A key difference between `@pre` and `@derived` is the handling of time.

In `@pre` we evaluate everything as a function of time. The whole block is written under the assumption that some time point has been set and now you can write some code to combine different parameters (of course it’s all written for a generic time point `t` which is also the reserved keyword you can use in the block).

`@derived` works differently. Each variable, even those with identical names to variables defined in other blocks are to be interpreted as vectors of the same dimension as the subject time vector. So of `sub.time == [0.0, 1.0, 2.0]` then any variable referred to in `@derived` can be indexed `var[1]`, `var[2]`, `var[3]` to get `var` (defined in, say, `@pre`). at time point `0.0`, `1.0`, `2.0` respectively.

So in your pre block you can defined `p_all` to be a vector at some time point for all J (generic). number of categories but when you get to the derived block you will find that `p_all` is now a `T` dimensional vector of `J` dimensional vectors, set of probabilities for each observed time point.

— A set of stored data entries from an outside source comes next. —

lemma minfdist_nonneg: "A \<noteq> {} \<Longrightarrow> 0 \<le> minfdist x A"
  unfolding minfdist_def by (rule cINF_greatest) auto

lemma minfdist_zero: "a \<in> A \<Longrightarrow> a \<in> M \<Longrightarrow> minfdist a A = 0"
  using minfdist_le[of a A a] minfdist_nonneg[of A a] by fastforce

lemma minfdist_less_iff: "A \<noteq> {} \<Longrightarrow> minfdist x A < r \<longleftrightarrow> (\<exists>a\<in>A. d x a < r)"
  unfolding minfdist_def by (rule cINF_less_iff) (auto intro: bdd_belowI[of _ 0])

lemma minfdist_Lipschitz:
  assumes "A \<noteq> {}" "A \<subseteq> M" "x \<in> M" "y \<in> M"
  shows "\<bar>minfdist x A - minfdist y A\<bar> \<le> d x y"
proof -
  have half: "minfdist x A \<le> minfdist y A + d x y" if "x \<in> M" "y \<in> M" for x y
  proof -
    have "minfdist x A - d x y \<le> d y a" if "a \<in> A" for a
      using minfdist_le[OF that, of x] triangle[of x y a] \<open>x \<in> M\<close> \<open>y \<in> M\<close> that \<open>A \<subseteq> M\<close>
      by force
    then have "minfdist x A - d x y \<le> minfdist y A"
      unfolding minfdist_def[of y] by (intro cINF_greatest \<open>A \<noteq> {}\<close>)
    then show ?thesis
      by simp
  qed
  then show ?thesis
    using half[OF \<open>x \<in> M\<close> \<open>y \<in> M\<close>] half[OF \<open>y \<in> M\<close> \<open>x \<in> M\<close>] commute[of x y]
    by (simp add: abs_le_iff)
qed

end

lemma mm_space_measurable_of_modulus:
  fixes g :: "'a \<Rightarrow> real"
  assumes mm: "mm_space M d m" and "continuous_on {0..} F" "F 0 = 0"
    and "\<And>x y. x \<in> M \<Longrightarrow> y \<in> M \<Longrightarrow> \<bar>g x - g y\<bar> \<le> F (d x y)"
  shows "g \<in> borel_measurable m"
  using assms(2-) by (intro mm_space_borel_measurable[OF mm]
      Metric_space.continuous_map_of_modulus[OF mm_space_Metric_space[OF mm]])

lemma mm_space_measurable_of_Lipschitz:
  fixes f :: "'a \<Rightarrow> real"
  assumes "mm_space M d m" "\<And>x y. x \<in> M \<Longrightarrow> y \<in> M \<Longrightarrow> \<bar>f x - f y\<bar> \<le> d x y"
  shows "f \<in> borel_measurable m"
  by (rule mm_space_measurable_of_modulus[where F = "\<lambda>t. t"]) (use assms in auto)

section \<open>Partial diameters of real distributions\<close>

lemma ediam_abs_leI:
  assumes "0 \<le> c" "\<And>x y. x \<in> A \<Longrightarrow> y \<in> A \<Longrightarrow> \<bar>x - y\<bar> \<le> c"
  shows "ediam (\<lambda>s t. \<bar>s - t\<bar>) A \<le> ereal c"
  unfolding ediam_def using assms by (auto intro!: Sup_least)

lemma abs_diff_le_ediam: "x \<in> A \<Longrightarrow> y \<in> A \<Longrightarrow> ereal \<bar>x - y\<bar> \<le> ediam (\<lambda>s t. \<bar>s - t\<bar>) A"
  unfolding ediam_def by (auto intro!: Sup_upper)

lemma partial_diameter_le_ediam:
  "A \<in> sets \<mu> \<Longrightarrow> \<alpha> \<le> measure \<mu> A \<Longrightarrow> partial_diameter d \<mu> \<alpha> \<le> ediam d A"
  unfolding partial_diameter_def by (rule Inf_lower) blast

lemma partial_diameter_abs_nonneg: "0 \<le> partial_diameter (\<lambda>s t. \<bar>s - t\<bar>) \<mu> \<alpha>"
proof -
  have "0 \<le> ediam (\<lambda>s t. \<bar>s - t\<bar>) A" for A :: "real set"
  proof (cases "A = {}")
    case False
    then obtain x where "x \<in> A"
      by blast
    then show ?thesis
      using abs_diff_le_ediam[of x A x] by (simp add: zero_ereal_def)
  qed (simp add: ediam_def)
  then show ?thesis
    unfolding partial_diameter_def by (auto intro: Inf_greatest)
qed

lemma (in prob_space) measure_Int_ge:
  assumes "A \<in> events" "B \<in> events"
  shows "prob A + prob B - 1 \<le> prob (A \<inter> B)"
  using measure_Un3[of A M B] assms prob_le_1[of "A \<union> B"] fmeasurable_eq_sets by simp

text \<open>Cut at the \<open>\<kappa>\<close>-quantile \<open>Inf T\<close>: the left half-line ending just above it and the
  right half-line starting just below it both have mass \<open>> \<kappa>\<close>.\<close>

lemma (in real_distribution) partial_diameter_le_of_spread:
  assumes "0 < \<kappa>" "0 \<le> c"
    and left: "\<And>t. \<kappa> < measure M {..t} \<Longrightarrow> 1 - \<kappa> \<le> measure M {..t + c}"
    and right: "\<And>t. \<kappa> < measure M {t..} \<Longrightarrow> 1 - \<kappa> \<le> measure M {t - c..}"
  shows "partial_diameter (\<lambda>s t. \<bar>s - t\<bar>) M (1 - 2 * \<kappa>) \<le> ereal (2 * c)"
proof (cases "1/2 \<le> \<kappa>")
  case True
  then have "partial_diameter (\<lambda>s t. \<bar>s - t\<bar>) M (1 - 2 * \<kappa>) \<le> ediam (\<lambda>s t. \<bar>s - t\<bar>) {}"
    by (intro partial_diameter_le_ediam) auto
  also have "\<dots> \<le> ereal (2 * c)"
    using \<open>0 \<le> c\<close> by (simp add: ediam_def)
  finally show ?thesis .
next
  case False
  define T where "T = {t. \<kappa> < measure M {..t}}"
  have "\<forall>\<^sub>F t in at_top. \<kappa> < cdf M t"
    using False by (intro order_tendstoD(1)[OF cdf_lim_at_top_prob]) simp
  then obtain t where "t \<in> T"
    unfolding T_def cdf_def eventually_at_top_linorder by blast
  have "\<forall>\<^sub>F t in at_bot. cdf M t < \<kappa>"
    by (rule order_tendstoD(2)[OF cdf_lim_at_bot \<open>0 < \<kappa>\<close>])
  then obtain t0 where t0: "\<And>t. t \<le> t0 \<Longrightarrow> measure M {..t} < \<kappa>"
    unfolding cdf_def eventually_at_bot_linorder by blast
  have "t0 \<le> t" if "t \<in> T" for t
    using t0[of t] that unfolding T_def by (cases "t \<le> t0") auto
  then have "bdd_below T"
    by (rule bdd_belowI)
  define a where "a = Inf T"
  show ?thesis
  proof (rule ereal_le_epsilon2)
    fix \<eta> :: real
    assume "0 < \<eta>"
    obtain a' where "a' \<in> T" "a' < a + \<eta>/2"
      using cInf_lessD[of T "a + \<eta>/2"] \<open>t \<in> T\<close> \<open>0 < \<eta>\<close> unfolding a_def by auto
    have "a \<le> a'"
      unfolding a_def using \<open>a' \<in> T\<close> \<open>bdd_below T\<close> by (rule cInf_lower)
    define b where "b = a - \<eta>/2"
    have "b \<notin> T"
      using cInf_lower[of b T] \<open>bdd_below T\<close> \<open>0 < \<eta>\<close> unfolding a_def b_def by force
    then have "1 - \<kappa> \<le> measure M {b<..}"
      using prob_compl[of "{..b}"] unfolding T_def by (simp add: Compl_eq_Diff_UNIV[symmetric])
    also have "\<dots> \<le> measure M {b..}"
      by (intro finite_measure_mono) auto
    finally have "1 - \<kappa> \<le> measure M {b - c..}"
      using right[of b] False by simp
    moreover have "1 - \<kappa> \<le> measure M {..a' + c}"
      using left \<open>a' \<in> T\<close> unfolding T_def by blast
    ultimately have "1 - 2 * \<kappa> \<le> measure M {b - c..a' + c}"
      using measure_Int_ge[of "{b - c..}" "{..a' + c}"] by (simp add: atLeastAtMost_def)
    then have "partial_diameter (\<lambda>s t. \<bar>s - t\<bar>) M (1 - 2 * \<kappa>)
        \<le> ediam (\<lambda>s t. \<bar>s - t\<bar>) {b - c..a' + c}"
      by (intro partial_diameter_le_ediam) auto
    also have "\<dots> \<le> ereal (2 * c + \<eta>)"
      using \<open>a' < a + \<eta>/2\<close> \<open>0 < \<eta>\<close> \<open>0 \<le> c\<close> unfolding b_def by (intro ediam_abs_leI) auto
    finally show "partial_diameter (\<lambda>s t. \<bar>s - t\<bar>) M (1 - 2 * \<kappa>) \<le> ereal (2 * c) + ereal \<eta>"
      by simp
  qed
qed

section \<open>Observable diameter\<close>

lemma observable_diameter_nonneg:
  assumes "mm_space M d m"
  shows "0 \<le> observable_diameter M d m \<kappa>"
proof -
  have "0 \<le> partial_diameter (\<lambda>s t. \<bar>s - t\<bar>) (distr m borel (\<lambda>x. 0::real)) (1 - \<kappa>)"
    by (rule partial_diameter_abs_nonneg)
  also have "\<dots> \<le> observable_diameter M d m \<kappa>"
    unfolding observable_diameter_def
    by (intro Sup_upper CollectI exI[of _ "\<lambda>x. 0::real"])
      (simp add: Metric_space.nonneg[OF mm_space_Metric_space[OF assms]])
  finally show ?thesis .
qed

We can discuss the optimal way to write a IRT model but focusing on the issue at hand, this means that
```
D1 ~ @. Pumas.Categorical(p_all[1])
D2 ~ @. Pumas.Categorical(p_all[2])
D3 ~ @. Pumas.Categorical(p_all[3])
```
does not work, because p_all[1] is a vector at the first time point, p[2] at the second time point, etc, and my guess is that you only have one time point? So the second and third lines will have bounds errors.

Instead, you could write
```
D1 ~ map(p->Pumas.Categorical(p[1], p_all)
D2 ~ map(p->Pumas.Categorical(p[2], p_all)
D3 ~ map(p->Pumas.Categorical(p[3], p_all)
```
and I believe that should “work”. We can discuss how you should write these models, but I thought it was an important aspect to understand.